## Problem description
From the data underneath, reproduce exactly the stretch that begins at the line with "Context: For real" and ends after the line with "measure \<Rightarrow> real measure".

## Given information

(* Let $m\in\mathbb{N}^+$ and let all random vectors below take values in $\mathbb{R}^m$ and have finite first moment. (i) (Independent sum) If $\bm A$ is independent of $\bm X$ and of $\bm Y$, then $S_2^2(\bm A+\bm X,\bm A+\bm Y)\le S_2^2(\bm X,\bm Y)$. (ii) (Scaling) For every $c>0$, $S_2^2(c\bm X,c\bm Y)=c\,S_2^2(\bm X,\bm Y)$. (iii) (Unbiased sampling gradients) Let $P$ be a distribution on $\mathbb{R}^m$ with finite first moment, let $\bm X_1,\dots,\bm X_r$ be i.i.d. samples from $P$ with empirical distribution $\hat P=\frac1r(\delta_{\bm X_1}+\dots+\delta_{\bm X_r})$, and let $\{G_\theta\}_{\theta\in\Theta}$, $\Theta\subseteq\mathbb{R}^d$ open, be a family of distributions with finite first moment. Assume sufficient regularity that $\theta\mapsto S_2^2(G_\theta,P)$ and $\theta\mapsto C_2^2(\langle G_\theta,\bm\nu\rangle,\langle\hat P,\bm\nu\rangle)$ are differentiable and that $\nabla_\theta$ may be interchanged with expectation over the samples and with integration over $\bm\nu\in\mathbb{S}^{m-1}$. Then $$\mathbb{E}_{\bm X_1,\dots,\bm X_r\sim P}\left[\nabla_\theta S_2^2(G_\theta,\hat P)\right]=\nabla_\theta S_2^2(G_\theta,P),$$ and, if $\bm\nu$ is uniformly distributed on $\mathbb{S}^{m-1}$ independently of the samples, $$B_{m-1}\,\mathbb{E}_{\bm\nu}\,\mathbb{E}_{\bm X_1,\dots,\bm X_r\sim P}\left[\nabla_\theta C_2^2(\langle G_\theta,\bm\nu\rangle,\langle\hat P,\bm\nu\rangle)\right]=\nabla_\theta S_2^2(G_\theta,P),$$ where $B_{m-1}=2\pi^{m/2}/\Gamma(m/2)$.
   Context: For real random variables (or distributions on $\mathbb{R}$) $Z,W$ with CDFs $F_Z,F_W$, $C_2^2(Z,W)=\int_{\mathbb{R}}|F_Z-F_W|^2dx$. For random vectors (or distributions) $\bm X,\bm Y$ on $\mathbb{R}^m$, $S_2^2(\bm X,\bm Y)=\int_{\mathbb{S}^{m-1}}C_2^2(\langle\bm X,\bm\nu\rangle,\langle\bm Y,\bm\nu\rangle)\,d\bm\nu$, where $\langle\bm X,\bm\nu\rangle=\bm X^{\mathrm T}\bm\nu$, $\mathbb{S}^{m-1}$ is the unit sphere and $d\bm\nu$ its surface measure (of total mass $B_{m-1}=2\pi^{m/2}/\Gamma(m/2)$). For a distribution $Q$, $\langle Q,\bm\nu\rangle$ denotes the law of $\langle\bm Z,\bm\nu\rangle$ with $\bm Z\sim Q$. *)

theory Defs
  imports "HOL-Probability.Probability"
begin

definition C2sq :: "real measure \<Rightarrow> real measure \<Rightarrow> real" where
  "C2sq Z W = (\<integral>x. (cdf Z x - cdf W x)\<^sup>2 \<partial>lborel)"

definition proj :: "(real ^ 'm) measure \<Rightarrow> real ^ 'm \<Rightarrow> real measure" where
  "proj Q \<nu> = distr Q borel (\<lambda>z. z \<bullet> \<nu>)"

text \<open>Surface measure on the unit sphere S^(m-1), defined as the cone measure:
  sigma(A) = m * Lebesgue measure of {t x | 0 < t <= 1, x in A}.\<close>
definition sphere_measure :: "(real ^ 'm) measure" where
  "sphere_measure = measure_of (sphere 0 1) (sets (restrict_space borel (sphere 0 1)))
     (\<lambda>A. ennreal (real CARD('m)) *
            emeasure lborel {t *\<^sub>R x | t x. t \<in> {0<..1} \<and> x \<in> A})"

definition uniform_sphere :: "(real ^ 'm) measure" where
  "uniform_sphere = uniform_measure sphere_measure (sphere 0 1)"

definition S2sq :: "(real ^ 'm) measure \<Rightarrow> (real ^ 'm) measure \<Rightarrow> real" where
  "S2sq Q R = (\<integral>\<nu>. C2sq (proj Q \<nu>) (proj R \<nu>) \<partial>sphere_measure)"

definition empirical :: "nat \<Rightarrow> (nat \<Rightarrow> real ^ 'm) \<Rightarrow> (real ^ 'm) measure" where
  "empirical r xs = measure_of UNIV (sets borel)
     (\<lambda>A. ennreal (real (card {i \<in> {..<r}. xs i \<in> A}) / real r))"

definition grad :: "('a::real_inner \<Rightarrow> real) \<Rightarrow> 'a \<Rightarrow> 'a" where
  "grad f x = (THE D. GDERIV f x :> D)"

definition fm_dist :: "(real ^ 'm) measure \<Rightarrow> bool" where
  "fm_dist Q \<longleftrightarrow> prob_space Q \<and> sets Q = sets borel \<and> integrable Q (\<lambda>z. norm z)"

## Reply to the task
   Context: For real random variables (or distributions on $\mathbb{R}$) $Z,W$ with CDFs $F_Z,F_W$, $C_2^2(Z,W)=\int_{\mathbb{R}}|F_Z-F_W|^2dx$. For random vectors (or distributions) $\bm X,\bm Y$ on $\mathbb{R}^m$, $S_2^2(\bm X,\bm Y)=\int_{\mathbb{S}^{m-1}}C_2^2(\langle\bm X,\bm\nu\rangle,\langle\bm Y,\bm\nu\rangle)\,d\bm\nu$, where $\langle\bm X,\bm\nu\rangle=\bm X^{\mathrm T}\bm\nu$, $\mathbb{S}^{m-1}$ is the unit sphere and $d\bm\nu$ its surface measure (of total mass $B_{m-1}=2\pi^{m/2}/\Gamma(m/2)$). For a distribution $Q$, $\langle Q,\bm\nu\rangle$ denotes the law of $\langle\bm Z,\bm\nu\rangle$ with $\bm Z\sim Q$. *)

theory Defs
  imports "HOL-Probability.Probability"
begin

definition C2sq :: "real measure \<Rightarrow> real measure \<Rightarrow> real" where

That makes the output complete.